Segment Start: DATA RECORDS

(* Let $A>0$ and $0<v_{\mathrm{nozzle}}<1$. For every $w\ge0$, $A\,t_{\mathrm{end}}(w)^2<2/v_{\mathrm{nozzle}}$, and for every $w>0$, $$I(w)<\frac{1}{v_{\mathrm{nozzle}}\sqrt{w}}.$$ Consequently, if $B>0$ and $w>0$ satisfies $I(w)=B$, then $w\le \dfrac{1}{v_{\mathrm{nozzle}}^2B^2}$.
   Context: For $A>0$ and $w\ge0$, $v(\cdot;w):[0,\infty)\to(0,1]$ denotes the unique solution of $v'=-v^2(\sqrt{A^2t^2+w}+v)$, $v(0)=1$; it is strictly decreasing in $t$ and tends to $0$ as $t\to\infty$. For $0<v_{\mathrm{nozzle}}<1$, $t_{\mathrm{end}}(w)>0$ is the unique time with $v(t_{\mathrm{end}}(w);w)=v_{\mathrm{nozzle}}$, and $$I(w)=I(w;A,v_{\mathrm{nozzle}})=\int_0^{t_{\mathrm{end}}(w)}\frac{At\,v(t;w)}{\sqrt{A^2t^2+w}}\,dt.$$ *)

theory Defs
  imports "HOL-Analysis.Analysis"
begin

text \<open>Solutions of the ODE v' = -v^2 (sqrt(A^2 t^2 + w) + v), v(0) = 1, on [0,\<infinity>).
  Values for t < 0 are normalised to 0 so that the solution is a unique function.\<close>

definition is_vsol :: "real \<Rightarrow> real \<Rightarrow> (real \<Rightarrow> real) \<Rightarrow> bool" where
  "is_vsol A w v \<longleftrightarrow> v 0 = 1 \<and>
     (\<forall>t\<ge>0. (v has_real_derivative (- (v t)\<^sup>2 * (sqrt (A\<^sup>2 * t\<^sup>2 + w) + v t))) (at t within {0..})) \<and>
     (\<forall>t<0. v t = 0)"

definition vsol :: "real \<Rightarrow> real \<Rightarrow> real \<Rightarrow> real" where
  "vsol A w = (THE v. is_vsol A w v)"

definition t_end :: "real \<Rightarrow> real \<Rightarrow> real \<Rightarrow> real" where
  "t_end A vn w = (THE t. 0 \<le> t \<and> vsol A w t = vn)"

definition I_fun :: "real \<Rightarrow> real \<Rightarrow> real \<Rightarrow> real" where
  "I_fun A vn w = integral {0..t_end A vn w}
      (\<lambda>t. A * t * vsol A w t / sqrt (A\<^sup>2 * t\<^sup>2 + w))"

end

theory Submission
  imports Defs
begin
(* Let $(y_1,u_1)$ and $(y_2,u_2)$ be the solutions on $[0,\pi]$ of the homogeneous system $$y' = Qy + u,\qquad u' = (C-Q^2)y - Qu$$ which satisfy the initial conditions $y_1(0)=1,\ u_1(0)=0$ and $y_2(0)=0,\ u_2(0)=1$. If $y_2(\pi)\neq 0$, then the non-homogeneous system $$y' = Qy + u,\qquad u' = (C-Q^2)y - Qu + f$$ has, for each $f\in L^2([0,\pi])$, a unique solution $(y,u)=(R_1(f),R_2(f))$ such that $y(0)=0$ and $y(\pi)=0$. Moreover, $R_1$ is a linear continuous operator from $L^2([0,\pi])$ into $H^1([0,\pi])$, and $R_2$ is a linear continuous operator in $L^2([0,\pi])$ with range in $W^1_1([0,\pi])$.
   Context: Here $v = C + Q'$ is a $\pi$-periodic potential in $H^{-1}_{loc}(\mathbb{R})$, where $C$ is a constant and $Q\in L^2_{loc}(\mathbb{R})$ is $\pi$-periodic with $\frac{1}{\pi}\int_0^\pi Q(x)\,dx = 0$. The non-homogeneous system arises from rewriting $-(y'-Qy)' - Qy' + Cy = f$ using the quasi-derivative $u = y' - Qy$; its coefficients are in $L^1$, so solutions $(y,u)$ with $y,u\in W^1_1([0,\pi])$ exist and are unique for given initial data. $H^1([0,\pi])$ is the Sobolev space of absolutely continuous functions with derivative in $L^2([0,\pi])$. *)

theory Defs
  imports "HOL-Analysis.Analysis"
begin

definition L2_on :: "real set \<Rightarrow> (real \<Rightarrow> complex) \<Rightarrow> bool" where
  "L2_on S h \<longleftrightarrow> set_borel_measurable lborel S h \<and>
     set_integrable lborel S (\<lambda>t. (cmod (h t))^2)"

definition L2_norm :: "real set \<Rightarrow> (real \<Rightarrow> complex) \<Rightarrow> real" where
  "L2_norm S h = sqrt (set_lebesgue_integral lborel S (\<lambda>t. (cmod (h t))^2))"

definition L2_loc :: "(real \<Rightarrow> complex) \<Rightarrow> bool" where
  "L2_loc h \<longleftrightarrow> h \<in> borel_measurable lborel \<and> (\<forall>a b. L2_on {a..b} h)"
(* Let $\lambda=(\lambda_1,\dots,\lambda_I)$, $\mu=(\mu_1,\dots,\mu_J)$ be partitions of $n$. Let $(\sigma_t)_{t\ge0}$ be the random transpositions random walk on $S_n$, i.e. the Markov chain with transition matrix $P(x,y)=Q(yx^{-1})$ where $Q(\sigma)=2/n^2$ if $\sigma$ is a transposition, $Q(\mathrm{id})=1/n$, and $Q(\sigma)=0$ otherwise. Then, for any initial distribution, the process $(T^{\sigma_t})_{t\ge0}$ on $\mathcal{T}_{\lambda,\mu}$ is a Markov chain, and its transition matrix is the random transpositions chain on $\mathcal{T}_{\lambda,\mu}$ defined in the context: $P(T,T')=\frac{2T_{i_1j_1}T_{i_2j_2}}{n^2}$ if $T'=F_{(i_1,j_1),(i_2,j_2)}(T)\ne T$, $P(T,T)$ the remaining mass, and $0$ otherwise.
   Context: $\mathcal{T}_{\lambda,\mu}$ is the set of $I\times J$ nonnegative integer tables with row sums $\lambda_i$ and column sums $\mu_j$. Let $L_1=\{1,\dots,\lambda_1\}$, $L_2=\{\lambda_1+1,\dots,\lambda_1+\lambda_2\}$, …, $L_I=\{n-\lambda_I+1,\dots,n\}$, and define $M_1,\dots,M_J$ from $\mu$ in the same way. For $x\in S_n$, $T^x\in\mathcal{T}_{\lambda,\mu}$ is the table with $T^x_{ij}=\#\{\ell\in L_i: x(\ell)\in M_j\}$ (this map identifies $\mathcal{T}_{\lambda,\mu}$ with the double cosets $S_\lambda\backslash S_n/S_\mu$ of Young subgroups). For $i_1\ne i_2$, $j_1\ne j_2$, $F_{(i_1,j_1),(i_2,j_2)}(T)$ is obtained from $T$ by subtracting $1$ at $(i_1,j_1)$ and $(i_2,j_2)$ and adding $1$ at $(i_1,j_2)$ and $(i_2,j_1)$. *)

theory Defs
  imports "HOL-Combinatorics.Combinatorics" Complex_Main
begin

definition is_partition :: "nat \<Rightarrow> nat list \<Rightarrow> bool" where
  "is_partition n lam \<longleftrightarrow> sum_list lam = n \<and> (\<forall>k\<in>set lam. 0 < k) \<and> sorted_wrt (\<ge>) lam"

text \<open>Block i (0-based index, i < length lam) of {1..n}: L_(i+1) in the paper.\<close>
definition block :: "nat list \<Rightarrow> nat \<Rightarrow> nat set" where
  "block lam i = {sum_list (take i lam) + 1 .. sum_list (take i lam) + lam ! i}"

text \<open>Contingency tables with row sums lam and column sums mu (0-based indices, zero outside).\<close>
definition tables :: "nat list \<Rightarrow> nat list \<Rightarrow> (nat \<Rightarrow> nat \<Rightarrow> nat) set" where
  "tables lam mu = {T. (\<forall>i j. (length lam \<le> i \<or> length mu \<le> j) \<longrightarrow> T i j = 0)
      \<and> (\<forall>i < length lam. (\<Sum>j<length mu. T i j) = lam ! i)
      \<and> (\<forall>j < length mu. (\<Sum>i<length lam. T i j) = mu ! j)}"

definition table_of :: "nat list \<Rightarrow> nat list \<Rightarrow> (nat \<Rightarrow> nat) \<Rightarrow> nat \<Rightarrow> nat \<Rightarrow> nat" where
  "table_of lam mu x i j =
     (if i < length lam \<and> j < length mu then card {l \<in> block lam i. x l \<in> block mu j} else 0)"

definition Fmove :: "nat \<times> nat \<Rightarrow> nat \<times> nat \<Rightarrow> (nat \<Rightarrow> nat \<Rightarrow> nat) \<Rightarrow> nat \<Rightarrow> nat \<Rightarrow> nat" where
  "Fmove c1 c2 T = (\<lambda>i j.
     if (i, j) = c1 \<or> (i, j) = c2 then T i j - 1
     else if (i, j) = (fst c1, snd c2) \<or> (i, j) = (fst c2, snd c1) then T i j + 1
     else T i j)"

definition rt_Q :: "nat \<Rightarrow> (nat \<Rightarrow> nat) \<Rightarrow> real" where
  "rt_Q n \<sigma> = (if \<exists>a b. a \<in> {1..n} \<and> b \<in> {1..n} \<and> a \<noteq> b \<and> \<sigma> = transpose a b then 2 / real n ^ 2
              else if \<sigma> = id then 1 / real n else 0)"

definition rt_P :: "nat \<Rightarrow> (nat \<Rightarrow> nat) \<Rightarrow> (nat \<Rightarrow> nat) \<Rightarrow> real" where
  "rt_P n x y = rt_Q n (y \<circ> inv x)"

definition is_move :: "nat list \<Rightarrow> nat list \<Rightarrow> (nat \<Rightarrow> nat \<Rightarrow> nat) \<Rightarrow> (nat \<Rightarrow> nat \<Rightarrow> nat)
    \<Rightarrow> nat \<Rightarrow> nat \<Rightarrow> nat \<Rightarrow> nat \<Rightarrow> bool" where
  "is_move lam mu T T' i1 j1 i2 j2 \<longleftrightarrow>
     i1 < length lam \<and> i2 < length lam \<and> j1 < length mu \<and> j2 < length mu \<and>
     i1 \<noteq> i2 \<and> j1 \<noteq> j2 \<and> 0 < T i1 j1 \<and> 0 < T i2 j2 \<and> T' = Fmove (i1, j1) (i2, j2) T"

definition table_K_off :: "nat list \<Rightarrow> nat list \<Rightarrow> (nat \<Rightarrow> nat \<Rightarrow> nat) \<Rightarrow> (nat \<Rightarrow> nat \<Rightarrow> nat) \<Rightarrow> real" where
  "table_K_off lam mu T T' =
     (if T' \<noteq> T \<and> (\<exists>i1 j1 i2 j2. is_move lam mu T T' i1 j1 i2 j2)
      then (SOME v. \<exists>i1 j1 i2 j2. is_move lam mu T T' i1 j1 i2 j2 \<and>
                   v = 2 * real (T i1 j1) * real (T i2 j2) / real (sum_list lam) ^ 2)
      else 0)"

definition table_K :: "nat list \<Rightarrow> nat list \<Rightarrow> (nat \<Rightarrow> nat \<Rightarrow> nat) \<Rightarrow> (nat \<Rightarrow> nat \<Rightarrow> nat) \<Rightarrow> real" where
  "table_K lam mu T T' =
     (if T' = T then 1 - (\<Sum>T''\<in>tables lam mu - {T}. table_K_off lam mu T T'')
      else table_K_off lam mu T T')"

end

theory Submission
  imports Defs
begin

text \<open>
  Label each \<open>l \<in> {1..n}\<close> by its cell \<open>c(l) = (row block of l, column block of x l)\<close>, so that
  \<open>T\<^sup>x\<close> is the histogram of \<open>c\<close>. Conjugation invariance of \<open>Q\<close> makes \<open>P(x, \<cdot>)\<close> the law of
  \<open>x \<circ> (a b)\<close> with \<open>(a, b)\<close> uniform on \<open>{1..n}\<^sup>2\<close>. Composing with \<open>(a b)\<close> exchanges the column
  labels of \<open>a\<close> and \<open>b\<close>: the table is unchanged if \<open>c(a)\<close> and \<open>c(b)\<close> share a row or a column,
  and is moved by \<open>F\<^bsub>c(a),c(b)\<^esub>\<close> otherwise. A move determines its two source cells (the cells
  where it decreases the table) up to order, so \<open>T \<rightarrow> F\<^bsub>c\<^sub>1,c\<^sub>2\<^esub>(T)\<close> is realised by exactly
  \<open>2 T(c\<^sub>1) T(c\<^sub>2)\<close> ordered pairs; the diagonal entry follows because both kernels are
  stochastic. Thus \<open>P\<close> satisfies Dynkin's lumpability criterion, and path probabilities of the
  lumped process factor through the chain on tables. Both sides are linear in the initial
  distribution \<open>\<nu>\<close>.
\<close>

lemma sum_card_fibres:
  assumes "finite S" "finite J" "k ` S \<subseteq> J"
  shows "(\<Sum>j\<in>J. card {l \<in> S. k l = j}) = card S"
  using sum.group[OF assms, of "\<lambda>_. 1 :: nat"] by simp

lemma card_filter_remove2:
  assumes "finite A" "a \<in> A" "b \<in> A" "a \<noteq> b"
  shows "card {l \<in> A. P l} = card {l \<in> A - {a, b}. P l} + of_bool (P a) + of_bool (P b)"
proof -
  have "{l \<in> A. P l} = {l \<in> A - {a, b}. P l} \<union> {l \<in> {a}. P l} \<union> {l \<in> {b}. P l}"
    using assms by auto
  moreover have "card {l \<in> {c}. P l} = of_bool (P c)" for c
  proof -
    have "{l \<in> {c}. P l} = (if P c then {c} else {})"
      by auto
    then show ?thesis
      by simp
  qed
  ultimately show ?thesis
    using assms by (simp add: card_Un_disjoint Int_def)
qed

lemma card_filter_bij_betw:
  assumes "bij_betw h A A"
  shows "card {p \<in> A. Q (h p)} = card {p \<in> A. Q p}"
proof (rule bij_betw_same_card)
  have hA: "h ` A = A"
    using assms by (rule bij_betw_imp_surj_on)
  have "inj_on h {p \<in> A. Q (h p)}"
    using bij_betw_imp_inj_on[OF assms] by (rule inj_on_subset) auto
  moreover have "h ` {p \<in> A. Q (h p)} = {p \<in> A. Q p}"
  proof (intro equalityI subsetI)
    fix p assume "p \<in> {p \<in> A. Q p}"
    moreover from this obtain q where "q \<in> A" "p = h q"
      using hA by blast
    ultimately show "p \<in> h ` {p \<in> A. Q (h p)}"
      by blast
  qed (use hA in blast)
  ultimately show "bij_betw h {p \<in> A. Q (h p)} {p \<in> A. Q p}"
    by (simp add: bij_betw_def)
qed

lemma card_fibre_comp_transpose:
  assumes "finite A" "a \<in> A" "b \<in> A"
  shows "card {l \<in> A. (r l, k (transpose a b l)) = c} + of_bool ((r a, k a) = c) + of_bool ((r b, k b) = c)
       = card {l \<in> A. (r l, k l) = c} + of_bool ((r a, k b) = c) + of_bool ((r b, k a) = c)"
proof (cases "a = b")
  case False
  have "{l \<in> A - {a, b}. (r l, k (transpose a b l)) = c} = {l \<in> A - {a, b}. (r l, k l) = c}"
    by auto
  then show ?thesis
    using card_filter_remove2[OF assms False, of "\<lambda>l. (r l, k (transpose a b l)) = c"]
      card_filter_remove2[OF assms False, of "\<lambda>l. (r l, k l) = c"] by simp
qed simp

Segment End: DATA RECORDS

- _WHAT YOU WILL DO_
Copy out, from the listing above, every line that contains the string "blast".

- _YOUR RESPONSE_
      using hA by blast
      by blast
  qed (use hA in blast)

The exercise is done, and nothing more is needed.